Hugues Dayez à Cannes : "Everybody knows" d'Asghar Farhadi ouvre la compétition

Javier Bardem et Penelope Cruz à la première de "Everybody Knows"
4 images
Javier Bardem et Penelope Cruz à la première de "Everybody Knows" - © LOIC VENANCE - AFP

En 2013, son film "Le passé" permettait à Bérénice Béjo de remporter le prix d’interprétation féminine à Cannes. En 2016, de retour en compétition, le cinéaste iranien Asghar Farhadi décrochait le Prix du Scénario pour "Le Client". Hier soir, pour le gala d’ouverture, il présentait son premier film tourné en Espagne, "Todos lo saben" (" Everybody knows ") avec Penelope Cruz et Javier Bardem.

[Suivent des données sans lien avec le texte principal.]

(* Assume the penalty $g$ satisfies A1–A3. Then for every $X=[x_1,\dots,x_n]\in\mathbb{R}^{m\times n}$ and $D\in\mathbb{R}^{m\times d}$, the constants $L_X(D)$, $C_X(D)$ defined with the norm $\|\cdot\|=\|\cdot\|_{1\to2}$ (and $C=1$) satisfy $$L_X(D)\le\frac1n\sum_{i=1}^n\sqrt{2f_{x_i}(D)}\,\bar g(f_{x_i}(D)),\qquad C_X(D)\le\frac1{2n}\sum_{i=1}^n\big[\bar g(f_{x_i}(D))\big]^2.$$
   Context: A penalty is a function $g:\mathbb{R}^d\to\mathbb{R}\cup\{+\infty\}$, not identically $+\infty$. A1: $g\ge0$; A2: $g$ lower semi-continuous; A3: $g(\alpha)\to+\infty$ as $\|\alpha\|\to\infty$. $\bar g(t)=\sup\{\|\alpha\|_1:\ g(\alpha)\le t\}$ ($\sup\emptyset=0$). $\mathcal{L}_x(D,\alpha)=\tfrac12\|x-D\alpha\|_2^2+g(\alpha)$, $f_x(D)=\inf_\alpha\mathcal{L}_x(D,\alpha)$. $\|\Delta\|_{1\to2}=\max_j\|\delta_j\|_2$, with dual norm $\|U\|_\star=\sup_{\|\Delta\|_{1\to2}\le1}\langle U,\Delta\rangle_F$. For $\epsilon>0$, $\mathfrak{A}_\epsilon(X,D)=\{A=[\alpha_1,\dots,\alpha_n]:\ \mathcal{L}_{x_i}(D,\alpha_i)\le f_{x_i}(D)+\epsilon\ \forall i\}$; $L_X(D)=\inf_{\epsilon>0}\sup_{A\in\mathfrak{A}_\epsilon(X,D)}\frac1n\|(X-DA)A^\top\|_\star$, $C_X(D)=\inf_{\epsilon>0}\sup_{A\in\mathfrak{A}_\epsilon(X,D)}\frac1{2n}\sum_i\|\alpha_i\|_1^2$. *)

theory Defs
  imports "HOL-Analysis.Analysis"
begin

definition lsc :: "('a::topological_space \<Rightarrow> ereal) \<Rightarrow> bool" where
  "lsc g \<longleftrightarrow> (\<forall>x. g x \<le> Liminf (at x) g)"

definition norm1 :: "real^'d \<Rightarrow> real" where
  "norm1 a = (\<Sum>j\<in>UNIV. \<bar>a $ j\<bar>)"

definition is_penalty :: "(real^'d \<Rightarrow> ereal) \<Rightarrow> bool" where
  "is_penalty g \<longleftrightarrow> (\<forall>a. g a \<noteq> -\<infinity>) \<and> (\<exists>a. g a \<noteq> \<infinity>)"

definition gbar :: "(real^'d \<Rightarrow> ereal) \<Rightarrow> ereal \<Rightarrow> ereal" where
  "gbar g t = (if {a. g a \<le> t} = {} then 0 else (SUP a\<in>{a. g a \<le> t}. ereal (norm1 a)))"

definition Lx :: "(real^'d \<Rightarrow> ereal) \<Rightarrow> real^'m \<Rightarrow> real^'d^'m \<Rightarrow> real^'d \<Rightarrow> ereal" where
  "Lx g x D a = ereal ((1/2) * (norm (x - D *v a))\<^sup>2) + g a"

definition fx :: "(real^'d \<Rightarrow> ereal) \<Rightarrow> real^'m \<Rightarrow> real^'d^'m \<Rightarrow> ereal" where
  "fx g x D = (INF a. Lx g x D a)"

definition norm12 :: "real^'d^'m \<Rightarrow> real" where
  "norm12 Delta = Max (range (\<lambda>j. norm (column j Delta)))"

definition frob :: "real^'d^'m \<Rightarrow> real^'d^'m \<Rightarrow> real" where
  "frob U V = (\<Sum>i\<in>UNIV. \<Sum>j\<in>UNIV. U $ i $ j * V $ i $ j)"

definition dualnorm12 :: "real^'d^'m \<Rightarrow> real" where
  "dualnorm12 U = (SUP Delta\<in>{Delta. norm12 Delta \<le> 1}. frob U Delta)"

definition Aeps :: "(real^'d \<Rightarrow> ereal) \<Rightarrow> real \<Rightarrow> real^'n^'m \<Rightarrow> real^'d^'m \<Rightarrow> (real^'n^'d) set" where
  "Aeps g eps X D = {A. \<forall>i. Lx g (column i X) D (column i A) \<le> fx g (column i X) D + ereal eps}"

definition LX :: "(real^'d \<Rightarrow> ereal) \<Rightarrow> real^'n^'m \<Rightarrow> real^'d^'m \<Rightarrow> ereal" where
  "LX g X D = (INF eps\<in>{0<..}. SUP A\<in>Aeps g eps X D.
     ereal (dualnorm12 ((X - D ** A) ** transpose A) / real CARD('n)))"

definition CX :: "(real^'d \<Rightarrow> ereal) \<Rightarrow> real^'n^'m \<Rightarrow> real^'d^'m \<Rightarrow> ereal" where
  "CX g X D = (INF eps\<in>{0<..}. SUP A\<in>Aeps g eps X D.
     ereal ((\<Sum>i\<in>UNIV. (norm1 (column i A))\<^sup>2) / (2 * real CARD('n))))"

end

theory Submission
  imports Defs
begin

text \<open>If \<open>\<alpha>\<^sub>i\<close> is an \<open>\<epsilon>\<close>-approximate minimiser for \<open>x\<^sub>i\<close> and \<open>f\<^sub>i = f\<^sub>x\<^sub>i(D)\<close>, both terms of
  the objective are nonnegative, so \<open>g(\<alpha>\<^sub>i) \<le> f\<^sub>i + \<epsilon>\<close>, whence \<open>\<parallel>\<alpha>\<^sub>i\<parallel>\<^sub>1 \<le> gbar(f\<^sub>i + \<epsilon>)\<close>,
  and \<open>\<parallel>x\<^sub>i - D \<alpha>\<^sub>i\<parallel>\<^sub>2 \<le> sqrt(2(f\<^sub>i + \<epsilon>))\<close>. Bounding the dual \<open>1\<rightarrow>2\<close> norm column by column with
  Cauchy-Schwarz, both suprema over the approximate minimisers are bounded by explicit functions
  of \<open>\<epsilon>\<close>. Letting \<open>\<epsilon> \<rightarrow> 0\<close> needs right-continuity of gbar: by A2 and A3 the sublevel sets
  of \<open>g\<close> are compact, so a decreasing nest of them cut down to \<open>\<parallel>\<alpha>\<parallel>\<^sub>1 \<ge> c\<close> has a common point.\<close>

lemma norm1_nonneg: "0 \<le> norm1 a"
  unfolding norm1_def by (simp add: sum_nonneg)

lemma norm1_le_card_mult_norm: "norm1 (a::real^'d) \<le> real CARD('d) * norm a"
proof -
  have "norm1 a \<le> (\<Sum>j\<in>(UNIV::'d set). norm a)"
    unfolding norm1_def by (rule sum_mono) (rule component_le_norm_cart)
  then show ?thesis by simp
qed

lemma continuous_on_norm1: "continuous_on S norm1"
  unfolding norm1_def by (intro continuous_intros)

lemma closed_sublevel_lsc:
  fixes g :: "'a::topological_space \<Rightarrow> ereal"
  assumes "lsc g"
  shows "closed {x. g x \<le> c}"
  unfolding closed_def open_subopen[of "- {x. g x \<le> c}"]
proof (intro ballI)
  fix x assume "x \<in> - {x. g x \<le> c}"
  then have "c < g x" by simp
  moreover have "g x \<le> Liminf (at x) g" using assms unfolding lsc_def by blast
  ultimately have "eventually (\<lambda>y. c < g y) (at x)" by (simp add: le_Liminf_iff)
  then obtain S where "open S" "x \<in> S" "\<forall>y\<in>S. y \<noteq> x \<longrightarrow> c < g y"
    unfolding eventually_at_topological by blast
  with \<open>c < g x\<close> show "\<exists>T. open T \<and> x \<in> T \<and> T \<subseteq> - {x. g x \<le> c}"
    by (intro exI[of _ S]) (auto simp: not_le)
qed

lemma bounded_sublevel_coercive:
  fixes g :: "'a::real_normed_vector \<Rightarrow> ereal"
  assumes "filterlim g (nhds \<infinity>) at_infinity"
  shows "bounded {x. g x \<le> ereal t}"
proof -
  have "eventually (\<lambda>x. ereal t < g x) at_infinity"
    using assms unfolding order_tendsto_iff by simp
  then obtain R where "\<forall>x. R \<le> norm x \<longrightarrow> ereal t < g x"
    unfolding eventually_at_infinity by blast
  then have "\<forall>x\<in>{x. g x \<le> ereal t}. norm x \<le> R"
    by (metis linorder_not_le mem_Collect_eq nle_le)
  then show ?thesis unfolding bounded_iff by blast
qed

lemma gbar_nonneg: "0 \<le> gbar g t"
proof (cases "{a. g a \<le> t} = {}")
  case False
  then obtain a where "g a \<le> t" by auto
  have "0 \<le> ereal (norm1 a)" using norm1_nonneg by simp
  also have "\<dots> \<le> (SUP a\<in>{a. g a \<le> t}. ereal (norm1 a))"
    using \<open>g a \<le> t\<close> by (intro SUP_upper) auto
  finally show ?thesis using False unfolding gbar_def by simp
qed (simp add: gbar_def)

Laura (Penelope Cruz), qui a épousé un Argentin (Ricardo Darin) et s’est installée de l’autre côté de l’Atlantique, revient en Espagne avec ses deux enfants dans son village natal, pour participer au mariage de sa sœur. La joie des retrouvailles avec sa famille et l’ambiance de la fête sont rapidement ternies par un évènement angoissant : la fille aînée de Laura est kidnappée à la faveur d’une coupure d’électricité et ses ravisseurs réclament une rançon de 300.000 euros. Alors que son mari est resté en Argentine, Laura se tourne vers Paco (Javier Bardem), son ancien amoureux devenu propriétaire d’une belle exploitation viticole qui suscite les jalousies de sa famille. Paco va prendre l’affaire très à cœur, trop pour certains…

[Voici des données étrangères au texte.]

(* Let $\mathbb{A}$ be a countably infinite homogeneous oligomorphic structure with oligomorphic approximation, and let $\mathbb{F}$ be a field of characteristic $0$. Then $\mathbb{A}$ has the finite length property over $\mathbb{F}$.
   Context: Homogeneous: every isomorphism between finite substructures extends to an automorphism. Oligomorphic: $\operatorname{Aut}(\mathbb{A})$ has finitely many orbits on each $\mathbb{A}^d$. Oligomorphic approximation: for every $d\ge1$ there is a family $\mathscr{B}$ of finite substructures of $\mathbb{A}$ such that (1) every finite substructure of $\mathbb{A}$ is a substructure of some $\mathbb{B}\in\mathscr{B}$, and (2) there is a finite bound, uniform over $\mathbb{B}\in\mathscr{B}$, on the number of $\operatorname{Aut}(\mathbb{B})$-orbits on $\mathbb{B}^d$. An orbit-finite set over $\mathbb{A}$ is obtained from some $\mathbb{A}^d$ by restricting to an $\operatorname{Aut}(\mathbb{A})$-invariant subset and quotienting by an $\operatorname{Aut}(\mathbb{A})$-invariant equivalence relation. $\operatorname{Lin}_{\mathbb{F}}X$ is the space of finite formal $\mathbb{F}$-linear combinations of elements of $X$ with the induced linear action of $\operatorname{Aut}(\mathbb{A})$; equivariant subspaces are those invariant under this action. The length of $\operatorname{Lin}_{\mathbb{F}}X$ is the supremum of $n$ such that there is a chain $V_0\subsetneq V_1\subsetneq\dots\subsetneq V_n$ of equivariant subspaces. $\mathbb{A}$ has the finite length property over $\mathbb{F}$ if $\operatorname{Lin}_{\mathbb{F}}X$ has finite length for every orbit-finite set $X$ over $\mathbb{A}$. *)

theory Defs
  imports Main "HOL-Library.Countable_Set"
begin

definition rel_struct :: "'a set \<Rightarrow> ('s \<Rightarrow> nat) \<Rightarrow> ('s \<Rightarrow> 'a list set) \<Rightarrow> bool" where
  "rel_struct A ar Rel \<longleftrightarrow>
     (\<forall>s. \<forall>xs \<in> Rel s. length xs = ar s \<and> set xs \<subseteq> A)"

Auteur de ses scénarios, Asghar Farhadi explore dans tous ses films une même obsession : comment le cercle familial parvient à résister ou non à la pression d’évènements extérieurs qui menacent son équilibre. Le fait que dans "Todos lo saben", il troque la culture iranienne pour celle de la campagne espagnole, ne modifie pas fondamentalement son cinéma. On sent très vite que l’enquête policière autour du rapt ne l’intéresse guère ; ce qui le passionne, c’est de tenter une radioscopie des rancœurs familiales qui remontent à la surface à cause du drame. Mais on a connu Farhadi plus subtil : ici, il utilise dans son intrigue quelques ficelles mélodramatiques assez artificielles et convenues. Et il délaisse tellement la dimension policière de son récit qu’il finit par laisser passer quelques invraisemblances. Dans le rôle de la mère pleureuse, Penelope Cruz joue consciencieusement une partition monochrome, tandis que Javier Bardem tente d’incarner avec cohérence un personnage dont l’évolution psychologique est un peu hâtive. Sans être un mauvais film, "Todos lo saben" n’est vraiment pas ce que Farhadi a fait de mieux dans sa carrière.